I just wish wish wish that the author hadn’t skirted over the historical part. The book was BARELY a historical fiction. . . with just a hint of it, instead of including many more details. For me, I could have dealt with the predictable love stuff if only the book was much more heavily historical.
DoingDewey
I was surprised you didn’t complain about it more in your review! I often don’t mind a predictable love story, but two things made this one bother me. The biggest problem for me was that I wasn’t convinced by the characters’ emotions. It felt like the plot just went the predictable way completely ignoring what the characters would actually do if they were real people. And the second thing was that ending. Such a let down! I don’t feel like Daphne ended up improving her life at all.

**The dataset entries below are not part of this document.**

lemma finite_all_pairs: "finite (all_pairs n)"
  unfolding all_pairs_def by (rule finite_subset[of _ "Pow {..<n}"]) auto

lemma doubleton_in_all_pairs: "a < n \<Longrightarrow> b < n \<Longrightarrow> a \<noteq> b \<Longrightarrow> {a, b} \<in> all_pairs n"
  unfolding all_pairs_def by auto

lemma measure_Gnp_half:
  "measure_pmf.prob (Gnp_half n) G = subset_prob (all_pairs n) (\<lambda>E. E \<in> G)"
  unfolding Gnp_half_def subset_prob_def using finite_all_pairs
  by (subst measure_pmf_of_set) (auto simp: card_Pow Int_def)

section \<open>Negligible functions\<close>

lemma tendsto_real_pow_mult_power_0:
  fixes s :: real
  assumes "0 < s" "s < 1"
  shows "(\<lambda>n. real n ^ m * s ^ n) \<longlonglongrightarrow> 0"
proof -
  define t where "t = root (Suc m) s"
  have t: "0 < t" "t < 1" "t ^ Suc m = s"
    using assms unfolding t_def by (auto simp: real_root_lt_1_iff simp del: power_Suc intro: real_root_pow_pos)
  have "(\<lambda>n. real n * t ^ n) \<longlonglongrightarrow> 0"
    by (rule powser_times_n_limit_0) (use t in simp)
  then have "(\<lambda>n. (real n * t ^ n) ^ Suc m) \<longlonglongrightarrow> 0"
    using tendsto_power[of _ 0 sequentially "Suc m"] by simp
  moreover have "(real n * t ^ n) ^ Suc m = real n ^ Suc m * s ^ n" for n
  proof -
    have "(real n * t ^ n) ^ Suc m = real n ^ Suc m * (t ^ Suc m) ^ n"
      by (simp only: power_mult_distrib power_mult[symmetric] mult.commute)
    then show ?thesis
      by (simp only: t(3))
  qed
  ultimately have lim: "(\<lambda>n. real n ^ Suc m * s ^ n) \<longlonglongrightarrow> 0"
    by (simp only:)
  show ?thesis
  proof (rule tendsto_sandwich[OF _ _ tendsto_const lim])
    show "\<forall>\<^sub>F n in sequentially. 0 \<le> real n ^ m * s ^ n"
      using assms by simp
    show "\<forall>\<^sub>F n in sequentially. real n ^ m * s ^ n \<le> real n ^ Suc m * s ^ n"
      using eventually_ge_at_top[of 1]
      by eventually_elim (use assms in \<open>auto intro!: mult_right_mono power_increasing\<close>)
  qed
qed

It would have been wonderful to get more of the historical fiction. I felt distanced from the historical bits since they were always included as someone telling a story and there definitely wasn’t enough of it. They were my favorite part 🙂
Heather J @ TLC Book Tours
Darn, I’m sorry that this one didn’t turn out to be what you expected, but thanks for being a part of the tour.
DoingDewey
Thanks Heather! I was fortunate to meet the author at ALA and she seemed so very nice, I hated to dislike this one. Sadly, it just didn’t work for me. I appreciate you including me on the tour 🙂
Lianne @ caffeinatedlife.net
Great review! 🙂 Your thoughts more or less were the same as mine regarding the book. I had left my review at three stars because I did enjoy it for the most part (maybe it was the food that convinced me to leave it at 3, haha) but that ending left me quite unsatisfied, especially after everything Daphne went through in the novel 🙁
DoingDewey
Thanks Lianna 🙂 I didn’t hate reading it or want to stop reading, but the message and the feeling that the plot was going its own way regardless of what the characters were really like made me feel pretty frustrated with it. And that ending was the last straw! It was like nothing had even changed.